I am hoping that people on this forum may be able to help.

My wife and I are looking to setup our own coffee cart business. We will not be going down the franchise route, but will instead opt to build out our own business.

It would be great if someone was able to share an example P&L demonstrating the kind of items which will need to be accounted for, so consumable items (assume selling only coffee, tea, no food) and cups etc.

In terms of required equipment I will be looking to purchase out right a vehicle and the coffee machine etc, so do not worry about any HP etc for these.

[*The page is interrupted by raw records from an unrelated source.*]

(* Let $n$ be a positive integer, $a_1,\dots,a_n\in\mathbb{R}$ and $k>0$. Let $F_{n,k}(s)=\prod_{j=1}^{n}(s+ia_j)^{-k}$ and let $f_{n,k}(t)=\mathcal{L}^{-1}(F_{n,k})(t)$ be its inverse Laplace transform. Then \[|f_{n,k}(t)|\le\frac{t^{nk-1}}{\Gamma(nk)}\qquad\text{for all }t\in(0,\infty).\]
   Context: $\mathcal{L}(f)(s)=\int_0^\infty e^{-st}f(t)\,dt$; powers $(s+ia_j)^{-k}$ are principal branches for $\mathrm{Re}\,s>0$. *)

theory Defs
  imports "HOL-Analysis.Analysis"
begin

text \<open>F_{n,k}(s) = prod_{j=1}^n (s + i a_j)^(-k), principal branch (complex powr uses Ln).\<close>
definition F_nk :: "nat \<Rightarrow> real \<Rightarrow> (nat \<Rightarrow> real) \<Rightarrow> complex \<Rightarrow> complex" where
  "F_nk n k a s = (\<Prod>j\<in>{1..n}. (s + \<i> * of_real (a j)) powr (- of_real k))"

definition is_inverse_laplace :: "(real \<Rightarrow> complex) \<Rightarrow> (complex \<Rightarrow> complex) \<Rightarrow> bool" where
  "is_inverse_laplace f F \<longleftrightarrow> continuous_on {0<..} f \<and>
     (\<forall>s. Re s > 0 \<longrightarrow>
        (\<lambda>t. exp (- s * of_real t) * f t) absolutely_integrable_on {0<..} \<and>
        integral {0<..} (\<lambda>t. exp (- s * of_real t) * f t) = F s)"

end

theory Submission
  imports
    Defs
    "HOL-Complex_Analysis.Cauchy_Integral_Formula"
    "HOL-Probability.Distributions"
    "HOL-Real_Asymp.Real_Asymp"
begin
theorem mainTheorem8:
  fixes n :: nat
  assumes "n \<ge> 4"
  defines "C \<equiv> circ (\<lambda>j. if j = 0 then 1 else if j = n - 2 then -1 else 0) (n - 1)"
  defines "X \<equiv> mat_inv (C * C\<^sup>T + 1\<^sub>m (n - 1)) * (J_mat (n - 1) - of_nat n \<cdot>\<^sub>m 1\<^sub>m (n - 1))"
  defines "b \<equiv> (\<lambda>j::nat. 1 + real n * 2 ^ (n - 1 - j) / sqrt 5 *
      ((3 + sqrt 5) ^ j / (2 ^ (n - 1) - (3 + sqrt 5) ^ (n - 1))
     - (3 - sqrt 5) ^ j / (2 ^ (n - 1) - (3 - sqrt 5) ^ (n - 1))))"
  shows "X = circ b (n - 1)"
proof -
  have m: "3 \<le> n - 1" using assms(1) by simp
  have n2: "n - 2 = n - 1 - 1" by simp
  have gram: "C * C\<^sup>T + 1\<^sub>m (n - 1) = circ (cyclic_stencil (n - 1) 3 (-1)) (n - 1)"
    unfolding C_def n2 cycle_incidence_mult_transpose[OF m] circ_stencil_add_one_mat by simp
  have recurrence: "3 * b k - (b ((k + (n - 1) - 1) mod (n - 1)) + b ((k + 1) mod (n - 1)))
      = (if k = 0 then 1 - real n else 1)" if "k < n - 1" for k
    unfolding b_def by (rule wheel_coefficients_recurrence[OF assms(1) that])
  have "circ (cyclic_stencil (n - 1) 3 (-1)) (n - 1) * circ b (n - 1) = J_mat (n - 1) - real n \<cdot>\<^sub>m 1\<^sub>m (n - 1)"
    unfolding circ_stencil_mult_circ[OF m] J_minus_smult_one_mat_circ
    by (rule circ_cong) (use recurrence in force)
  moreover have "(J_mat (n - 1) - real n \<cdot>\<^sub>m 1\<^sub>m (n - 1))
      * ((1 / (real n * (real (n - 1) - real n))) \<cdot>\<^sub>m (J_mat (n - 1) - (real (n - 1) - real n) \<cdot>\<^sub>m 1\<^sub>m (n - 1)))
      = 1\<^sub>m (n - 1)"
    using assms(1) by (intro J_minus_smult_one_mat_inverse) auto
  ultimately show ?thesis
    unfolding X_def gram
    by (intro mat_inv_mult_eq[where m = "n - 1"]) (auto simp: J_mat_def)
qed

end
theorem theorem3p12:
  fixes k n :: nat and P dP :: tensor and v dv y dy :: vec and \<alpha> :: real
  assumes hk: "k \<ge> 2" and hn: "n \<ge> 1"
    and hP: "colwise_substochastic k n P"
    and hPp: "colwise_substochastic k n (tensor_add P dP)"
    and hv: "stochastic_vec n v"
    and hvp: "stochastic_vec n (\<lambda>i. v i + dv i)"
    and ha0: "0 \<le> \<alpha>" and ha1: "\<alpha> < 1"
    and hvs: "(2 * real k - 3) * \<alpha> * (1 - \<alpha>) powr (- ((real k - 2) / (real k - 1))) < 1"
    and hy: "(\<forall>i<n. y i \<ge> 0) \<and> esum n y \<le> (1 - \<alpha>) powr (- (1 / (real k - 1)))"
    and hyp: "(\<forall>i<n. y i + dy i \<ge> 0) \<and>
              esum n (\<lambda>i. y i + dy i) \<le> (1 - \<alpha>) powr (- (1 / (real k - 1)))"
    and heq: "\<forall>i<n. esum n y ^ (k - 2) * y i - \<alpha> * tensor_apply k n P y i = v i"
    and heqp: "\<forall>i<n. esum n (\<lambda>j. y j + dy j) ^ (k - 2) * (y i + dy i)
                 - \<alpha> * tensor_apply k n (tensor_add P dP) (\<lambda>j. y j + dy j) i = v i + dv i"
  shows "let \<sigma> = (2 * real k - 3) * \<alpha> * (1 - \<alpha>) powr (- ((real k - 2) / (real k - 1)))
         in vnorm1 n dy \<le> (2 * real k - 3) / ((real k - 1) * (1 - \<sigma>)) *
              (\<alpha> / (1 - \<alpha>) * mat_norm1 n (n ^ (k - 1)) (unfold1 k n dP) + vnorm1 n dv)"
proof -
  define B where "B = (1 - \<alpha>) powr (- (1 / (real k - 1)))"
  define N where "N = mat_norm1 n (n ^ (k - 1)) (unfold1 k n dP)"
  define \<sigma> where "\<sigma> = (2 * real k - 3) * \<alpha> * (1 - \<alpha>) powr (- ((real k - 2) / (real k - 1)))"
  define c where "c = (2 * real k - 3) / (real k - 1)"
  have k: "real (k - 1) = real k - 1" "real (k - 2) = real k - 2" using hk by auto
  have B_power: "B ^ j = (1 - \<alpha>) powr (- (real j / (real k - 1)))" for j
    using ha1 unfolding B_def by (subst powr_power) auto
  have B_pow: "B ^ (k - 1) = 1 / (1 - \<alpha>)"
    "B ^ (k - 2) = (1 - \<alpha>) powr (- ((real k - 2) / (real k - 1)))"
    using ha1 hk unfolding B_power k by (simp_all add: powr_minus divide_inverse)
  have "vnorm1 n dy \<le> c * (vnorm1 n dv + \<alpha> * (N * B ^ (k - 1) + real (k - 1) * B ^ (k - 2) * vnorm1 n dy))"
    using vnorm1_fixed_point_diff_le[OF hk hn ha0 hP hPp hv hvp, of y "\<lambda>i. y i + dy i" B] hy hyp heq heqp
    unfolding B_def c_def N_def by simp
  also have "\<dots> = c * (\<alpha> / (1 - \<alpha>) * N + vnorm1 n dv) + \<sigma> * vnorm1 n dy"
    using hk unfolding c_def \<sigma>_def B_pow k by (simp add: field_simps)
  finally have "vnorm1 n dy \<le> c / (1 - \<sigma>) * (\<alpha> / (1 - \<alpha>) * N + vnorm1 n dv)"
    using hvs unfolding \<sigma>_def by (simp add: field_simps)
  then show ?thesis
    unfolding Let_def \<sigma>_def[symmetric] c_def N_def by (simp add: divide_divide_eq_left)
qed

end
(* Let $\mathcal{V}$ be a finite vocabulary, fix a decoding context $c$, let $P(\cdot\mid c)$ be the base next-token distribution on $\mathcal{V}$, and let $t_1 := \arg\max_{t} P(t\mid c)$ be the base model's top token. Let $\mathcal{V}$ be partitioned into $n \ge 1$ buckets and let the required bucket be drawn uniformly at random from the $n$ buckets; let $t^\star$ denote the highest-$P(\cdot\mid c)$-probability token in the required bucket. For each possible required bucket, let $Q(\cdot\mid c)$ be any probability distribution on $\mathcal{V}$ satisfying $Q(t^\star\mid c) \ge Q(t\mid c)$ for all $t\in\mathcal{V}$ (so $t^\star$ is an argmax of $Q$). Define the per-token perplexity \[ \mathrm{PPL}(Q) := \exp\Bigl(\mathbb{E}\bigl[-\log Q(t_1\mid c)\bigr]\Bigr), \] where the expectation is over the uniformly random required bucket. Then \[ \mathrm{PPL}(Q) \;\ge\; 2^{(n-1)/n}. \]
   Context: Logarithms are natural. The channel carries $\log_2 n$ bits per token; perplexity of the steganographic distribution $Q$ is evaluated on the base model's top token $t_1$. *)

theory Defs
  imports Complex_Main "HOL-Library.Extended_Real"
begin

(* Convention: - ln 0 = +infinity, so PPL = +infinity if some Q b t1 = 0. *)
definition PPL :: "nat \<Rightarrow> (nat \<Rightarrow> 'v \<Rightarrow> real) \<Rightarrow> 'v \<Rightarrow> ereal" where
  "PPL n Q t1 = (if \<exists>b<n. Q b t1 = 0 then \<infinity>
                 else ereal (exp ((\<Sum>b<n. - ln (Q b t1)) / real n)))"

end

theory Submission
  imports Defs
begin

text \<open>
  For every required bucket b not containing t1 we have t1 \<noteq> t*_b, so t1 and t*_b are two
  distinct tokens of which t*_b is at least as likely under Q_b; as their masses sum to at most 1,
  Q_b(t1) \<le> 1/2 and the surprisal -ln Q_b(t1) is at least ln 2.  This happens for n - 1 of the n
  buckets, while the remaining one contributes a nonnegative surprisal, so the expected surprisal is
  at least ((n - 1)/n) ln 2.
\<close>

lemma prob_le_one:
  fixes q :: "'a::finite \<Rightarrow> real"
  assumes "\<And>x. q x \<ge> 0" and "(\<Sum>x\<in>UNIV. q x) = 1"
  shows "q x \<le> 1"
  using member_le_sum[of x UNIV q] assms by simp

lemma prob_le_half_if_dominated:
  fixes q :: "'a::finite \<Rightarrow> real"
  assumes nonneg: "\<And>x. q x \<ge> 0" and sum_one: "(\<Sum>x\<in>UNIV. q x) = 1"
    and "x \<noteq> y" and "q x \<le> q y"
  shows "q x \<le> 1 / 2"
proof -
  have "sum q {x, y} \<le> sum q UNIV"
    by (rule sum_mono2) (auto simp: nonneg)
  with assms show ?thesis by simp
qed

lemma sum_neg_ln_ge:
  fixes q :: "nat \<Rightarrow> real"
  assumes "b0 < n"
    and pos: "\<And>b. b < n \<Longrightarrow> q b > 0"
    and le_one: "q b0 \<le> 1"
    and le_half: "\<And>b. b < n \<Longrightarrow> b \<noteq> b0 \<Longrightarrow> q b \<le> 1 / 2"
  shows "(\<Sum>b<n. - ln (q b)) \<ge> (real n - 1) * ln 2"
proof -
  have "(real n - 1) * ln 2 = (\<Sum>b\<in>{..<n} - {b0}. ln (2::real))"
    using \<open>b0 < n\<close> by (simp add: of_nat_diff)
  also have "\<dots> \<le> (\<Sum>b\<in>{..<n} - {b0}. - ln (q b))"
  proof (rule sum_mono)
    fix b assume "b \<in> {..<n} - {b0}"
    then have "ln (q b) \<le> ln (1 / 2)"
      using le_half pos by simp
    then show "ln 2 \<le> - ln (q b)" by (simp add: ln_div)
  qed
  also have "\<dots> \<le> (\<Sum>b\<in>{..<n} - {b0}. - ln (q b)) - ln (q b0)"
    using le_one pos[OF \<open>b0 < n\<close>] by simp
  also have "\<dots> = (\<Sum>b<n. - ln (q b))"
    using \<open>b0 < n\<close> by (simp add: sum_diff1)
  finally show ?thesis .
qed

lemma exp_mean_ge_powr:
  fixes s :: real
  assumes "n \<ge> 1" and "s \<ge> (real n - 1) * ln 2"
  shows "exp (s / real n) \<ge> 2 powr ((real n - 1) / real n)"
proof -
  have "2 powr ((real n - 1) / real n) = exp ((real n - 1) * ln 2 / real n)"
    by (simp add: powr_def)
  also have "\<dots> \<le> exp (s / real n)"
    using assms by (simp add: divide_right_mono)
  finally show ?thesis .
qed

theorem theorem7p2:
  fixes P :: "'v::finite \<Rightarrow> real"
    and t1 :: 'v
    and n :: nat
    and bucket :: "'v \<Rightarrow> nat"
    and tstar :: "nat \<Rightarrow> 'v"
    and Q :: "nat \<Rightarrow> 'v \<Rightarrow> real"
  assumes P_nonneg: "\<And>t. P t \<ge> 0"
    and P_sum: "(\<Sum>t\<in>UNIV. P t) = 1"
    and t1_top: "\<And>t. P t \<le> P t1"
    and n_pos: "n \<ge> 1"
    and bucket_range: "\<And>t. bucket t < n"
    and bucket_nonempty: "\<And>b. b < n \<Longrightarrow> \<exists>t. bucket t = b"
    and tstar_in: "\<And>b. b < n \<Longrightarrow> bucket (tstar b) = b"
    and tstar_max: "\<And>b t. b < n \<Longrightarrow> bucket t = b \<Longrightarrow> P t \<le> P (tstar b)"
    and Q_nonneg: "\<And>b t. b < n \<Longrightarrow> Q b t \<ge> 0"
    and Q_sum: "\<And>b. b < n \<Longrightarrow> (\<Sum>t\<in>UNIV. Q b t) = 1"
    and Q_argmax: "\<And>b t. b < n \<Longrightarrow> Q b t \<le> Q b (tstar b)"
  shows "PPL n Q t1 \<ge> ereal (2 powr ((real n - 1) / real n))"
proof (cases "\<exists>b<n. Q b t1 = 0")
  case True
  then show ?thesis by (simp add: PPL_def)
next
  case False
  have pos: "Q b t1 > 0" if "b < n" for b
    using False Q_nonneg[OF that, of t1] that by force
  have le_half: "Q b t1 \<le> 1 / 2" if "b < n" "b \<noteq> bucket t1" for b
  proof (rule prob_le_half_if_dominated[OF Q_nonneg Q_sum _ Q_argmax])
    show "t1 \<noteq> tstar b" using tstar_in that by metis
  qed (use that in auto)
  have t1_bucket: "bucket t1 < n" by (rule bucket_range)
  have "(\<Sum>b<n. - ln (Q b t1)) \<ge> (real n - 1) * ln 2"
    by (rule sum_neg_ln_ge[where q = "\<lambda>b. Q b t1", OF t1_bucket pos
          prob_le_one[OF Q_nonneg[OF t1_bucket] Q_sum[OF t1_bucket]] le_half])
  then show ?thesis
    using False exp_mean_ge_powr[OF n_pos] by (simp add: PPL_def)
qed

end
theorem proposition2:
  fixes N :: "'o measure" and X :: "'o \<Rightarrow> real^'d::finite" and Y :: "'o \<Rightarrow> real"
    and M :: "nat \<Rightarrow> 'w measure" and T :: "nat \<Rightarrow> 'w \<Rightarrow> 'd tree"
    and K :: "nat \<Rightarrow> nat" and \<gamma>1 \<gamma>2 :: "nat \<Rightarrow> real"
  assumes "prob_space N"
    and "X \<in> N \<rightarrow>\<^sub>M borel" and "Y \<in> borel_measurable N"
    and "distr N borel X = uniform_measure lborel (cbox 0 One)"
    and "\<exists>B. AE \<omega> in N. \<bar>Y \<omega>\<bar> \<le> B"
    and "\<And>n. prob_space (M n)"
    and "\<And>n \<omega>. \<omega> \<in> space (M n) \<Longrightarrow> length (leaves (T n \<omega>)) = K n"
    and "filterlim (\<lambda>n. real (K n)) at_top sequentially"
    and "filterlim \<gamma>1 at_top sequentially"
    and "filterlim \<gamma>2 at_top sequentially"
    and "(\<lambda>n. real (K n) ^ 2 * exp (- 2 * \<gamma>2 n)) \<longlonglongrightarrow> 0"
    and "(\<lambda>n. real (K n) ^ 4 * \<gamma>2 n ^ 2 * ln (\<gamma>1 n) / \<gamma>1 n) \<longlonglongrightarrow> 0"
  shows "(\<lambda>n. \<integral>\<^sup>+ \<omega>. ennreal (LINT x : cbox 0 One | distr N borel X.
            (f_net (\<gamma>1 n) (\<gamma>2 n) N X Y (T n \<omega>) x - t_net N X Y (T n \<omega>) x)\<^sup>2) \<partial>M n)
         \<longlonglongrightarrow> 0"
proof -
  obtain B0 where "AE \<omega> in N. \<bar>Y \<omega>\<bar> \<le> B0"
    using assms(5) by blast
  then have bounded: "AE \<omega> in N. \<bar>Y \<omega>\<bar> \<le> \<bar>B0\<bar>"
    by eventually_elim auto
  have W: "\<bar>Wouts N X Y t k'\<bar> \<le> \<bar>B0\<bar> / 2" for t k'
    using abs_cexp_le[OF assms(1) bounded abs_ge_zero] unfolding Wouts_def by simp
  let ?bound = "\<lambda>n. tanh_error_bound \<bar>B0\<bar> (K n) (\<gamma>1 n) (\<gamma>2 n)"
  have "eventually (\<lambda>n. \<gamma>1 n \<ge> 2 \<and> \<gamma>2 n \<ge> 0) sequentially"
    using assms(9,10) unfolding filterlim_at_top by (auto intro: eventually_conj)
  then have upper: "eventually (\<lambda>n. (\<integral>\<^sup>+ \<omega>. ennreal (LINT x : cbox 0 One | distr N borel X.
            (f_net (\<gamma>1 n) (\<gamma>2 n) N X Y (T n \<omega>) x - t_net N X Y (T n \<omega>) x)\<^sup>2) \<partial>M n) \<le> ?bound n)
      sequentially"
    unfolding assms(4)
    by eventually_elim (auto intro: nn_integral_sq_f_net_minus_t_net_le_tanh_error_bound assms(6,7) W)
  have "(\<lambda>n. ennreal (?bound n)) \<longlonglongrightarrow> ennreal 0"
    using tanh_error_bound_tendsto_0[OF assms(9-12)] by (rule tendsto_ennrealI)
  then show ?thesis
    by (intro tendsto_sandwich[OF _ upper tendsto_const]) simp_all
qed
(* Let $\rho_{mkt}(t)$ be a density matrix on $\mathbb{C}^N$ with initial state diagonal in the basis $\{|f_i\rangle\}$, $\rho_{mkt}(0)=\sum_{i=1}^Np_i(0)|f_i\rangle\langle f_i|$, evolving according to \[ \frac{d\rho_{mkt}(t)}{dt}=\sigma^2\Big(A_u\rho_{mkt}(t)A_d+A_d\rho_{mkt}(t)A_u-\tfrac{1}{2}\{A_uA_d+A_dA_u,\rho_{mkt}(t)\}\Big), \] with $\sigma^2>0$. Then the von Neumann entropy $S(\rho_{mkt}(t))=-\mathrm{Tr}[\rho_{mkt}(t)\log\rho_{mkt}(t)]$ increases monotonically in $t$, and \[ \lim_{t\to\infty}\big(-\mathrm{Tr}[\rho_{mkt}(t)\log(\rho_{mkt}(t))]\big)=\log(N). \]
   Context: $|f_1\rangle,\dots,|f_N\rangle$ is the orthonormal basis of $\mathbb{C}^N$ (eigenvectors of the price operator), $A_u=\sum_{i=1}^{N-1}|f_{i+1}\rangle\langle f_i|$, $A_d=\sum_{i=1}^{N-1}|f_i\rangle\langle f_{i+1}|$, and $\{\cdot,\cdot\}$ is the anticommutator. This is the "classical" market dynamics arising when the environment stays in its maximum-entropy state and the inhomogeneous term vanishes; in that case $\sigma^2=\kappa(K-1)/K$ with coupling constant $\kappa>0$ and $K\ge 2$ environment levels. *)

theory Defs
  imports "HOL-Analysis.Analysis" "Jordan_Normal_Form.Schur_Decomposition"
begin

text \<open>Basis vectors f_1,...,f_N are the standard basis vectors e_0,...,e_(N-1) of C^N.
  A_u = sum_(i=1)^(N-1) |f_(i+1)><f_i| has entry 1 at (row i+1, column i);
  A_d = sum_(i=1)^(N-1) |f_i><f_(i+1)| has entry 1 at (row i, column i+1).\<close>

definition A_u :: "nat \<Rightarrow> complex mat" where
  "A_u N = Matrix.mat N N (\<lambda>(r, c). if r = c + 1 then 1 else 0)"

definition A_d :: "nat \<Rightarrow> complex mat" where
  "A_d N = Matrix.mat N N (\<lambda>(r, c). if c = r + 1 then 1 else 0)"

definition mkt_generator :: "real \<Rightarrow> nat \<Rightarrow> complex mat \<Rightarrow> complex mat" where
  "mkt_generator sigma2 N \<rho> =
     complex_of_real sigma2 \<cdot>\<^sub>m
       (A_u N * \<rho> * A_d N + A_d N * \<rho> * A_u N
        - (complex_of_real (1/2)) \<cdot>\<^sub>m
            ((A_u N * A_d N + A_d N * A_u N) * \<rho> + \<rho> * (A_u N * A_d N + A_d N * A_u N)))"

definition unitary_mat :: "nat \<Rightarrow> complex mat \<Rightarrow> bool" where
  "unitary_mat N U \<longleftrightarrow> U \<in> carrier_mat N N \<and> mat_adjoint U * U = 1\<^sub>m N \<and> U * mat_adjoint U = 1\<^sub>m N"

definition herm_mat_fun :: "(real \<Rightarrow> real) \<Rightarrow> complex mat \<Rightarrow> complex mat" where
  "herm_mat_fun f A = (SOME B. \<exists>U (lam :: nat \<Rightarrow> real).
      unitary_mat (dim_row A) U \<and>
      A = U * mat_diag (dim_row A) (\<lambda>i. complex_of_real (lam i)) * mat_adjoint U \<and>
      B = U * mat_diag (dim_row A) (\<lambda>i. complex_of_real (f (lam i))) * mat_adjoint U)"

definition mat_trace :: "complex mat \<Rightarrow> complex" where
  "mat_trace A = (\<Sum>i<dim_row A. A $$ (i, i))"

text \<open>von Neumann entropy S(rho) = - Tr[rho log rho], with the usual convention 0 log 0 = 0,
  i.e. rho log rho is the matrix function x \<mapsto> x ln x applied to rho.\<close>
definition von_neumann_entropy :: "complex mat \<Rightarrow> real" where
  "von_neumann_entropy \<rho> = - Re (mat_trace (herm_mat_fun (\<lambda>x. x * ln x) \<rho>))"

end

theory Submission
  imports Defs "HOL-Real_Asymp.Real_Asymp"
begin

(* Entrywise, the generator acts on every diagonal {(i, i + d)} of the matrix as the Laplacian of
   the path 0 - 1 - ... - (N - 1), minus a nonnegative potential off the main diagonal. Hence the
   squared Hilbert-Schmidt norm of the off-diagonal part cannot grow, the initially diagonal state
   stays diagonal, and its diagonal p(t) solves the discrete heat equation p' = sigma2 Lap p with
   reflecting boundary. Summation by parts shows that sum_i g(p_i) is nonincreasing along this flow
   whenever g' is monotone: this gives conservation of mass, positivity and, after regularising
   x ln x at 0, monotonicity of the entropy. A discrete Poincare inequality makes
   sum_i (p_i - 1/N)^2 decay exponentially, so p(t) tends to the uniform distribution and the
   entropy to ln N. *)

lemma DERIV_within_nonpos_imp_nonincreasing:
  fixes f f' :: "real \<Rightarrow> real"
  assumes deriv: "\<And>x. a \<le> x \<Longrightarrow> (f has_real_derivative f' x) (at x within {a..})"
    and nonpos: "\<And>x. a \<le> x \<Longrightarrow> f' x \<le> 0"
    and "a \<le> s" "s \<le> t"
  shows "f t \<le> f s"
proof (rule DERIV_nonpos_imp_decreasing_open[OF \<open>s \<le> t\<close>])
  fix x assume "s < x" "x < t"
  then have "x \<in> {a<..}" using \<open>a \<le> s\<close> by simp
  have "(f has_real_derivative f' x) (at x within {a<..})"
    by (rule DERIV_subset[OF deriv]) (use \<open>x \<in> {a<..}\<close> in auto)
  then have "(f has_real_derivative f' x) (at x)"
    using at_within_open[OF \<open>x \<in> {a<..}\<close> open_greaterThan] by simp
  then show "\<exists>y. (f has_real_derivative y) (at x) \<and> y \<le> 0"
    using nonpos[of x] \<open>x \<in> {a<..}\<close> by auto
next
  have "continuous_on {a..} f"
    using deriv DERIV_continuous continuous_on_eq_continuous_within by fastforce
  then show "continuous_on {s..t} f"
    by (rule continuous_on_subset) (use \<open>a \<le> s\<close> in auto)
qed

Also, the assumption is that the coffee cart will be based at one static location Monday to Friday, but at weekends will attend events.

Thanks in advance


----------



## coffeebean (Jan 26, 2010)

Hi Lee, setting up businesses like yours is what I do for a living (along with running my own little coffee van in the mornings!!) Have a look at my website for some pics of vans we have converted and let me know if it's something we can help you with. https://www.thecoffeebean-vanandroaster.co.uk/business-start-upsAs far as consumable items go there aren't all that many really milk, coffee beans, sugar, sweetner, hot chocolate, tea bags, cups and lids, coffee syrups, complimentary biscuits,machine detergent, anti bac wipes, cloths......these are the main items I use on a daily basis. My van is static Mon - Fri too....

all the best,

Andy


----------



## LeeG (Apr 25, 2020)

Hi Andy,

Thanks for your reply.

Will email you.


----------